lemma gauss_term_Suc_even_gap:
  assumes "k < N" "even (N - k)"
  shows "gauss_term (Suc N) k = gauss_term N k + fps_X ^ Suc N * gauss_term N (Suc k)"
proof -
  from assms(2) obtain j where j: "N - k = 2 * j" by (rule evenE)
  with assms(1) obtain i where i: "N - k = 2 * Suc i" by (cases j) auto
  then have div: "(Suc N - k) div 2 = Suc i" "(N - k) div 2 = Suc i" "(N - Suc k) div 2 = i"
    by simp_all
  have "i \<le> N" using i by simp
  have exp: "fps_X ^ tri k * (fps_X ^ 2) ^ (N - i) = (fps_X ^ Suc N * fps_X ^ tri (Suc k) :: int fps)"
  proof -
    have "tri k + 2 * (N - i) = Suc N + tri (Suc k)" using i by (simp add: tri_Suc)
    then show ?thesis by (simp only: power_add[symmetric] power_mult[symmetric])
  qed
  have ne: "q_pochhammer (fps_X ^ 2 :: int fps) (Suc N) \<noteq> 0"
    by (rule q_pochhammer_X_power_ne_0) simp
  have "gauss_term (Suc N) k
          = fps_X ^ tri k * q_binomial (fps_X ^ 2) N (Suc i)
            + (fps_X ^ tri k * (fps_X ^ 2) ^ (N - i)) * q_binomial (fps_X ^ 2) N i"
    unfolding gauss_term_def div q_binomial_Suc_Suc_dual[OF ne \<open>i \<le> N\<close>]
    by (simp only: distrib_left mult.assoc)
  also have "\<dots> = gauss_term N k + fps_X ^ Suc N * gauss_term N (Suc k)"
    unfolding exp gauss_term_def div by (simp only: mult.assoc)
  finally show ?thesis .
qed

lemma gauss_term_Suc_odd_gap:
  assumes "odd (N - k)"
  shows "gauss_term (Suc N) k = gauss_term N k + fps_X ^ Suc N * gauss_term N (k - 1)"
proof -
  from assms obtain i where "N - k = 2 * i + 1" by (rule oddE)
  then have i: "N - k = Suc (2 * i)" by simp
  then have div: "(Suc N - k) div 2 = Suc i" "(N - k) div 2 = i" by simp_all
  have ne: "q_pochhammer (fps_X ^ 2 :: int fps) N \<noteq> 0"
    by (rule q_pochhammer_X_power_ne_0) simp
  have shifted:
    "q_binomial (fps_X ^ 2 :: int fps) N ((N - (k - 1)) div 2) = q_binomial (fps_X ^ 2) N (Suc i)"
  proof (cases k)
    case 0
    with i have "i \<le> N" "N - i = Suc i" "(N - (k - 1)) div 2 = i" by simp_all
    have "q_binomial (fps_X ^ 2 :: int fps) N ((N - (k - 1)) div 2) = q_binomial (fps_X ^ 2) N (N - i)"
      unfolding \<open>(N - (k - 1)) div 2 = i\<close> by (rule q_binomial_symmetric[OF ne \<open>i \<le> N\<close>, symmetric])
    also have "\<dots> = q_binomial (fps_X ^ 2) N (Suc i)"
      using \<open>N - i = Suc i\<close> by (simp only:)
    finally show ?thesis .
  next
    case (Suc k')
    with i have "N - (k - 1) = 2 * Suc i" by arith
    then show ?thesis by simp
  qed
  have exp: "fps_X ^ tri k * (fps_X ^ 2) ^ Suc i = (fps_X ^ Suc N * fps_X ^ tri (k - 1) :: int fps)"
  proof -
    have "tri k + 2 * Suc i = Suc N + tri (k - 1)" using i by (cases k) (simp_all add: tri_Suc)
    then show ?thesis by (simp only: power_add[symmetric] power_mult[symmetric])
  qed
  have "gauss_term (Suc N) k
          = fps_X ^ tri k * q_binomial (fps_X ^ 2) N i
            + (fps_X ^ tri k * (fps_X ^ 2) ^ Suc i) * q_binomial (fps_X ^ 2) N (Suc i)"
    unfolding gauss_term_def div by (simp only: q_binomial.simps(3) distrib_left mult.assoc)
  also have "\<dots> = gauss_term N k + fps_X ^ Suc N * gauss_term N (k - 1)"
    unfolding exp gauss_term_def div shifted by (simp only: mult.assoc)
  finally show ?thesis .
qed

- - - - -

**WORK REQUIRED:**
Please repeat the line that contains "(simp_all add: tri_Suc)" and every line after it through the end of the material above, exactly and with nothing added.

**RESPONSE:**
    have "tri k + 2 * Suc i = Suc N + tri (k - 1)" using i by (cases k) (simp_all add: tri_Suc)
    then show ?thesis by (simp only: power_add[symmetric] power_mult[symmetric])
  qed
  have "gauss_term (Suc N) k
          = fps_X ^ tri k * q_binomial (fps_X ^ 2) N i
            + (fps_X ^ tri k * (fps_X ^ 2) ^ Suc i) * q_binomial (fps_X ^ 2) N (Suc i)"
    unfolding gauss_term_def div by (simp only: q_binomial.simps(3) distrib_left mult.assoc)
  also have "\<dots> = gauss_term N k + fps_X ^ Suc N * gauss_term N (k - 1)"
    unfolding exp gauss_term_def div shifted by (simp only: mult.assoc)
  finally show ?thesis .
qed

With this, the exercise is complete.